◆ **Collected data entries**:
lemma zero_in_N: "0 \<in> N"
  using numerical by (simp add: numerical_monoid_def)

lemma power_r_eq_iff: "r ^ i = r ^ j \<longleftrightarrow> i = j"
  using r_mult_denr numr_ne_denr r_pos by (intro power_inject_exp') auto

lemma block_sum_eq:
  "of_nat (numr r ^ delta N m) * r ^ sseq N m = of_nat (denr r ^ delta N m) * r ^ sseq N (Suc m)"
  by (simp add: sseq_Suc[OF infinite_N] power_add power_mult_distrib algebra_simps
      flip: r_mult_denr)

lemma puiseux_eq: "puiseux r N = {sum_mset z | z. set_mset z \<subseteq> gens}"
proof safe
  fix y assume "y \<in> puiseux r N"
  then obtain M where "set_mset M \<subseteq> N" "y = sum_mset (image_mset (\<lambda>k. r ^ k) M)"
    unfolding puiseux_def by blast
  then show "\<exists>z. y = sum_mset z \<and> set_mset z \<subseteq> gens"
    by (intro exI[of _ "image_mset (\<lambda>k. r ^ k) M"]) auto
next
  fix z assume "set_mset z \<subseteq> gens"
  then obtain M where "set_mset M \<subseteq> N" "z = image_mset (\<lambda>k. r ^ k) M"
    using mset_in_image_ex by blast
  then show "sum_mset z \<in> puiseux r N" unfolding puiseux_def by blast
qed

lemma gens_subset_puiseux: "gens \<subseteq> puiseux r N"
  unfolding puiseux_eq by (force intro: exI[of _ "{#_#}"])

lemma sum_mset_gens_pos: "set_mset z \<subseteq> gens \<Longrightarrow> z \<noteq> {#} \<Longrightarrow> 0 < sum_mset z"
proof (induction z)
  case (add y z)
  then have "0 < y" using r_pos by auto
  moreover have "0 \<le> sum_mset z"
    using add r_pos by (cases "z = {#}") (auto intro: less_imp_le)
  ultimately show ?case by simp
qed simp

◆ **EXERCISE INSTRUCTIONS**: What is needed is a word-for-word restatement of every line from the one with "using add r_pos" to the end of the entries above.

◆ **OUTPUT FOR THIS EXERCISE**:
    using add r_pos by (cases "z = {#}") (auto intro: less_imp_le)
  ultimately show ?case by simp
qed simp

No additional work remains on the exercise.